Problem description: The entries below are to be repeated verbatim, in full.

Extracted records:
lemma bracket_m1_2_U2_act:
  assumes "Vector_Spaces.linear sv sg phi" "X \<in> U2 sv"
  shows "bracket_m1_2 sv act phi (U2_act sv act x X) =
    formal_eval sv (\<lambda>a b. bracket_pairing phi (act x a) b + bracket_pairing phi a (act x b)) (U2_rep X)"
proof -
  let ?D = "\<lambda>a b. fdelta (act x a) b + fdelta a (act x b)"
  have D: "?D a b \<in> formal_space" for a b
    by (intro formal_space_add fdelta_in_formal_space)
  have "bracket_m1_2 sv act phi (U2_act sv act x X) =
      formal_eval sv (bracket_pairing phi) (formal_eval fscale ?D (U2_rep X))"
    unfolding U2_act_def using assms(1) D by (intro bracket_m1_2_U2_class formal_eval_fscale_in_formal_space)
  also have "\<dots> = formal_eval sv (\<lambda>a b. formal_eval sv (bracket_pairing phi) (?D a b)) (U2_rep X)"
    using D assms(2)
    by (intro formal_eval_formal_eval vs1.vector_space_axioms finite_fsupp_formal_space U2_rep_in_formal_space)
  also have "\<dots> =
      formal_eval sv (\<lambda>a b. bracket_pairing phi (act x a) b + bracket_pairing phi a (act x b)) (U2_rep X)"
    by (simp add: vs1.formal_eval_add)
  finally show ?thesis .
qed

lemma bracket_pairing_hom_act:
  "bracket_pairing (hom_act br act x phi) a b =
    act x (bracket_pairing phi a b) - (bracket_pairing phi (act x a) b + bracket_pairing phi a (act x b))"
  by (simp add: bracket_pairing_def hom_act_def act_diff_left act_bracket act_add_right algebra_simps)

lemma bracket_m1_2_hom_act:
  assumes "Vector_Spaces.linear sv sg phi" "X \<in> U2 sv"
  shows "bracket_m1_2 sv act (hom_act br act x phi) X =
    act x (bracket_m1_2 sv act phi X) - bracket_m1_2 sv act phi (U2_act sv act x X)"
proof -
  have "bracket_m1_2 sv act (hom_act br act x phi) X =
      formal_eval sv (\<lambda>a b. act x (bracket_pairing phi a b)) (U2_rep X) -
      formal_eval sv (\<lambda>a b. bracket_pairing phi (act x a) b + bracket_pairing phi a (act x b)) (U2_rep X)"
    unfolding bracket_m1_2_eq bracket_pairing_hom_act by (rule vs1.formal_eval_diff_fun)
  also have "\<dots> = act x (bracket_m1_2 sv act phi X) - bracket_m1_2 sv act phi (U2_act sv act x X)"
    using bracket_m1_2_U2_act[OF assms] by (simp add: formal_eval_linear_image[OF linear_act] bracket_m1_2_eq)
  finally show ?thesis .
qed

lemma bracket_m1_2_zero_hom: "bracket_m1_2 sv act (\<lambda>u. 0) X = 0"
  by (simp add: bracket_m1_2_def vs1.formal_eval_zero_fun)

lemma bracket_m1_2_add_hom:
  "bracket_m1_2 sv act (\<lambda>u. phi u + psi u) X = bracket_m1_2 sv act phi X + bracket_m1_2 sv act psi X"
  unfolding bracket_m1_2_def vs1.formal_eval_add_fun[symmetric]
  by (simp add: act_add_left algebra_simps)

lemma bracket_m1_2_scale_hom:
  "bracket_m1_2 sv act (\<lambda>u. sg c (phi u)) X = sv c (bracket_m1_2 sv act phi X)"
  unfolding bracket_m1_2_def formal_eval_linear_image[OF vs1.linear_scale_self, symmetric]
  by (simp add: act_scale_left vs1.scale_right_distrib)

text \<open>Characteristic \<open>0\<close> is needed only here, to cancel the factor \<open>1/2\<close> in \<open>\<sigma>\<close>.\<close>

lemma sigma_eq_0_iff: "sigma sv act Theta X = 0 \<longleftrightarrow> bracket_m1_2 sv act Theta X = 0"
proof -
  have "sigma sv act Theta X = sv (inverse 2) (bracket_m1_2 sv act Theta X)"
    unfolding sigma_def bracket_m1_2_def
    by (simp add: formal_eval_linear_image[OF vs1.linear_scale_self, symmetric] vs1.scale_right_distrib)
  then show ?thesis by simp
qed

definition R_Theta_annihilator :: "('v \<Rightarrow> 'v \<Rightarrow> 'f) set set" where
  "R_Theta_annihilator = {X \<in> U2 sv. \<forall>chi \<in> R_Theta sg br act Theta. bracket_m1_2 sv act chi X = 0}"

lemma sigma_eq_0_on_R_Theta_annihilator: "X \<in> R_Theta_annihilator \<Longrightarrow> sigma sv act Theta X = 0"
  by (simp add: R_Theta_annihilator_def sigma_eq_0_iff R_Theta.gen)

Task answer:
lemma bracket_m1_2_U2_act:
  assumes "Vector_Spaces.linear sv sg phi" "X \<in> U2 sv"
  shows "bracket_m1_2 sv act phi (U2_act sv act x X) =
    formal_eval sv (\<lambda>a b. bracket_pairing phi (act x a) b + bracket_pairing phi a (act x b)) (U2_rep X)"
proof -
  let ?D = "\<lambda>a b. fdelta (act x a) b + fdelta a (act x b)"
  have D: "?D a b \<in> formal_space" for a b
    by (intro formal_space_add fdelta_in_formal_space)
  have "bracket_m1_2 sv act phi (U2_act sv act x X) =
      formal_eval sv (bracket_pairing phi) (formal_eval fscale ?D (U2_rep X))"
    unfolding U2_act_def using assms(1) D by (intro bracket_m1_2_U2_class formal_eval_fscale_in_formal_space)
  also have "\<dots> = formal_eval sv (\<lambda>a b. formal_eval sv (bracket_pairing phi) (?D a b)) (U2_rep X)"
    using D assms(2)
    by (intro formal_eval_formal_eval vs1.vector_space_axioms finite_fsupp_formal_space U2_rep_in_formal_space)
  also have "\<dots> =
      formal_eval sv (\<lambda>a b. bracket_pairing phi (act x a) b + bracket_pairing phi a (act x b)) (U2_rep X)"
    by (simp add: vs1.formal_eval_add)
  finally show ?thesis .
qed

lemma bracket_pairing_hom_act:
  "bracket_pairing (hom_act br act x phi) a b =
    act x (bracket_pairing phi a b) - (bracket_pairing phi (act x a) b + bracket_pairing phi a (act x b))"
  by (simp add: bracket_pairing_def hom_act_def act_diff_left act_bracket act_add_right algebra_simps)

lemma bracket_m1_2_hom_act:
  assumes "Vector_Spaces.linear sv sg phi" "X \<in> U2 sv"
  shows "bracket_m1_2 sv act (hom_act br act x phi) X =
    act x (bracket_m1_2 sv act phi X) - bracket_m1_2 sv act phi (U2_act sv act x X)"
proof -
  have "bracket_m1_2 sv act (hom_act br act x phi) X =
      formal_eval sv (\<lambda>a b. act x (bracket_pairing phi a b)) (U2_rep X) -
      formal_eval sv (\<lambda>a b. bracket_pairing phi (act x a) b + bracket_pairing phi a (act x b)) (U2_rep X)"
    unfolding bracket_m1_2_eq bracket_pairing_hom_act by (rule vs1.formal_eval_diff_fun)
  also have "\<dots> = act x (bracket_m1_2 sv act phi X) - bracket_m1_2 sv act phi (U2_act sv act x X)"
    using bracket_m1_2_U2_act[OF assms] by (simp add: formal_eval_linear_image[OF linear_act] bracket_m1_2_eq)
  finally show ?thesis .
qed

lemma bracket_m1_2_zero_hom: "bracket_m1_2 sv act (\<lambda>u. 0) X = 0"
  by (simp add: bracket_m1_2_def vs1.formal_eval_zero_fun)

lemma bracket_m1_2_add_hom:
  "bracket_m1_2 sv act (\<lambda>u. phi u + psi u) X = bracket_m1_2 sv act phi X + bracket_m1_2 sv act psi X"
  unfolding bracket_m1_2_def vs1.formal_eval_add_fun[symmetric]
  by (simp add: act_add_left algebra_simps)

lemma bracket_m1_2_scale_hom:
  "bracket_m1_2 sv act (\<lambda>u. sg c (phi u)) X = sv c (bracket_m1_2 sv act phi X)"
  unfolding bracket_m1_2_def formal_eval_linear_image[OF vs1.linear_scale_self, symmetric]
  by (simp add: act_scale_left vs1.scale_right_distrib)

text \<open>Characteristic \<open>0\<close> is needed only here, to cancel the factor \<open>1/2\<close> in \<open>\<sigma>\<close>.\<close>

lemma sigma_eq_0_iff: "sigma sv act Theta X = 0 \<longleftrightarrow> bracket_m1_2 sv act Theta X = 0"
proof -
  have "sigma sv act Theta X = sv (inverse 2) (bracket_m1_2 sv act Theta X)"
    unfolding sigma_def bracket_m1_2_def
    by (simp add: formal_eval_linear_image[OF vs1.linear_scale_self, symmetric] vs1.scale_right_distrib)
  then show ?thesis by simp
qed

definition R_Theta_annihilator :: "('v \<Rightarrow> 'v \<Rightarrow> 'f) set set" where
  "R_Theta_annihilator = {X \<in> U2 sv. \<forall>chi \<in> R_Theta sg br act Theta. bracket_m1_2 sv act chi X = 0}"

lemma sigma_eq_0_on_R_Theta_annihilator: "X \<in> R_Theta_annihilator \<Longrightarrow> sigma sv act Theta X = 0"
  by (simp add: R_Theta_annihilator_def sigma_eq_0_iff R_Theta.gen)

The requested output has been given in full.